Qual a melhor dieta para resistência à insulina?

Texto original de Lissandra Bischoff

Qual a melhor dieta para quem tem resistência à insulina?
Já que sabemos que uma dieta com baixo de teor de carboidratos dá melhores resultados e pode, inclusive reverter quadros de resistência à insulina, pré diabetes e diabetes tipo 2. Mas quão baixo deve ser esse teor de carboidratos? Essa é uma dúvida recorrente.
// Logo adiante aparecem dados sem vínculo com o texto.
lemma RCP_iff_between_MinMCR:
  assumes ctx: "extraction_context T Is R" and I: "I \<subseteq> Is"
  shows "I \<in> RCP T Is R minsupp minbond \<longleftrightarrow>
    (\<exists>K \<in> MinMCR T Is R minsupp minbond. K \<subseteq> I) \<and> (\<exists>J \<in> MinMCR T Is R minsupp minbond. I \<subseteq> J)"
    (is "_ \<longleftrightarrow> ?between")
proof -
  have T: "finite T" and Is: "finite Is" using ctx by (auto simp: extraction_context_def)
  show ?thesis
  proof
    assume rcp: "I \<in> RCP T Is R minsupp minbond"
    obtain J where "J \<in> CRCP T Is R minsupp minbond" "I \<subseteq> J"
      using RCP_has_closed_superset[OF ctx rcp] .
    moreover obtain K where K: "K \<in> MinRP T Is R minsupp" "K \<subseteq> I"
    proof (rule rare_has_MinRP_subset)
      show "finite I" using Is I by (rule finite_subset[rotated])
      show "supp_conj T R I < minsupp" using rcp by (simp add: RCP_def)
    qed (use I in auto)
    moreover have "K \<in> MinMRCP T Is R minsupp minbond"
      using MinRP_below_RCP_in_MinMRCP[OF T K rcp] .
    ultimately show ?between unfolding MinMCR_def by blast
  next
    assume ?between
    then obtain K J where K: "K \<in> MinMCR T Is R minsupp minbond" "K \<subseteq> I"
      and J: "J \<in> MinMCR T Is R minsupp minbond" "I \<subseteq> J" by blast
    have "supp_conj T R I < minsupp"
      using K MinMCR_subset_RCP supp_conj_antimono[OF T K(2), of R] by (force simp: RCP_def)
    moreover have "ereal minbond \<le> bond T R I"
      using J MinMCR_subset_RCP bond_antimono[OF T J(2), of R] by (force simp: RCP_def)
    ultimately show "I \<in> RCP T Is R minsupp minbond" using I by (simp add: RCP_def)
  qed
qed

lemma mem_recorded_iff:
  "(J, s, b) \<in> recorded T R S \<longleftrightarrow> J \<in> S \<and> s = supp_conj T R J \<and> b = bond T R J"
  by (auto simp: recorded_def)

lemma bex_recorded_iff: "(\<exists>(J, s, b) \<in> recorded T R S. P J) \<longleftrightarrow> (\<exists>J \<in> S. P J)"
  by (auto simp: recorded_def)

definition max_bond_superset_data :: "('i set \<times> nat \<times> ereal) set \<Rightarrow> 'i set \<Rightarrow> nat \<times> ereal" where
  "max_bond_superset_data D I =
     (THE p. \<exists>J. (J, p) \<in> D \<and> I \<subseteq> J \<and> (\<forall>(J', s', b') \<in> D. I \<subseteq> J' \<longrightarrow> b' \<le> snd p))"

definition decode :: "('i set \<times> nat \<times> ereal) set \<Rightarrow> 'i set \<Rightarrow> (nat \<times> ereal) option" where
  "decode D I =
     (if (\<exists>(K, s, b) \<in> D. K \<subseteq> I) \<and> (\<exists>(J, s, b) \<in> D. I \<subseteq> J)
      then Some (max_bond_superset_data D I) else None)"

lemma max_bond_superset_data_recorded:
  assumes T: "finite T" and J0: "J0 \<in> S" "I \<subseteq> J0" "bond T R J0 = bond T R I"
  shows "max_bond_superset_data (recorded T R S) I = (supp_conj T R I, bond T R I)"
  unfolding max_bond_superset_data_def
proof (rule the_equality)
  let ?D = "recorded T R S"
  have bond_le: "b' \<le> bond T R I" if "(J', s', b') \<in> ?D" "I \<subseteq> J'" for J' s' b'
    using that(1) bond_antimono[OF T that(2)] by (simp add: mem_recorded_iff)
  have J0_recorded: "(J0, supp_conj T R I, bond T R I) \<in> ?D"
    using J0 supp_conj_eq_if_bond_eq[OF T J0(2,3)] by (simp add: mem_recorded_iff)
  show "\<exists>J. (J, supp_conj T R I, bond T R I) \<in> ?D \<and> I \<subseteq> J \<and>
      (\<forall>(J', s', b') \<in> ?D. I \<subseteq> J' \<longrightarrow> b' \<le> snd (supp_conj T R I, bond T R I))"
    using J0_recorded J0(2) bond_le by auto
  fix p
  assume "\<exists>J. (J, p) \<in> ?D \<and> I \<subseteq> J \<and> (\<forall>(J', s', b') \<in> ?D. I \<subseteq> J' \<longrightarrow> b' \<le> snd p)"
  then obtain J where J: "(J, p) \<in> ?D" "I \<subseteq> J"
    and maximal: "\<forall>(J', s', b') \<in> ?D. I \<subseteq> J' \<longrightarrow> b' \<le> snd p"
    by blast
  obtain s b where p: "p = (s, b)" by (cases p)
  have "bond T R I \<le> b" using maximal J0_recorded J0(2) p by auto
  moreover have "b \<le> bond T R I" using bond_le J p by simp
  ultimately have "b = bond T R I" by (rule antisym[rotated])
  with J p show "p = (supp_conj T R I, bond T R I)"
    using supp_conj_eq_if_bond_eq[OF T J(2)] by (simp add: mem_recorded_iff)
qed

lemma decode_recorded_MinMCR:
  assumes ctx: "extraction_context T Is R" and I: "I \<subseteq> Is"
  shows "decode (recorded T R (MinMCR T Is R minsupp minbond)) I =
    (if I \<in> RCP T Is R minsupp minbond then Some (supp_conj T R I, bond T R I) else None)"
proof (cases "I \<in> RCP T Is R minsupp minbond")
  case False
  then show ?thesis
    using RCP_iff_between_MinMCR[OF ctx I] by (auto simp: decode_def bex_recorded_iff)
next
  case True
  have T: "finite T" using ctx by (simp add: extraction_context_def)
  obtain J0 where J0: "J0 \<in> CRCP T Is R minsupp minbond" "I \<subseteq> J0" "bond T R J0 = bond T R I"
    using RCP_has_closed_superset[OF ctx True] .
  have "J0 \<in> MinMCR T Is R minsupp minbond" unfolding MinMCR_def using J0(1) by (rule UnI1)
  moreover have "(\<exists>K \<in> MinMCR T Is R minsupp minbond. K \<subseteq> I) \<and>
      (\<exists>J \<in> MinMCR T Is R minsupp minbond. I \<subseteq> J)"
    using True RCP_iff_between_MinMCR[OF ctx I] by blast
  ultimately show ?thesis
    using True J0(2,3) by (simp add: decode_def bex_recorded_iff max_bond_superset_data_recorded[OF T])
qed

theorem mainTheorem7:
  shows "exact_concise_rep (MinMCR :: 't set \<Rightarrow> 'i set \<Rightarrow> ('t \<times> 'i) set \<Rightarrow> nat \<Rightarrow> real \<Rightarrow> 'i set set)"
  unfolding exact_concise_rep_def
  using MinMCR_subset_RCP decode_recorded_MinMCR
  by (intro conjI exI[of _ "\<lambda>_ _. decode"]) blast+

end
Então vamos tentar analisar.
Aqui (http://www.marksdailyapple.com/25-ways-to-improve-your-insulin-sensitivity/) Mark Sisson fala a respeito de 25 maneiras de melhorar sua resistência à insulina, entre elas:
“Tenha uma alimentação com baixo teor de carboidratos, mas não muito baixo.
Hã? Reduzir o carboidrato não é o melhor e mais eficaz caminho para a sensibilidade à insulina? Parcialmente, porque muitas vezes é a maneira mais fácil de perder peso. A redução de carboidratos pode e geralmente melhora a sensibilidade à insulina. Mas quando você está se alimentado com uma dieta muita baixa em carboidratos (very low carb – cetogênica), baixa o suficiente para começar a depender principalmente de cetonas e ácidos graxos livres para energia, seus tecidos periféricos entram em um estado de resistência à insulina para preservar a glicose para as partes do cérebro que a demandam. Isso é normal, e enquanto você não estiver comendo uma dieta rica em gordura e alta em carboidratos, essa resistência fisiológica à insulina não deve prejudicar.”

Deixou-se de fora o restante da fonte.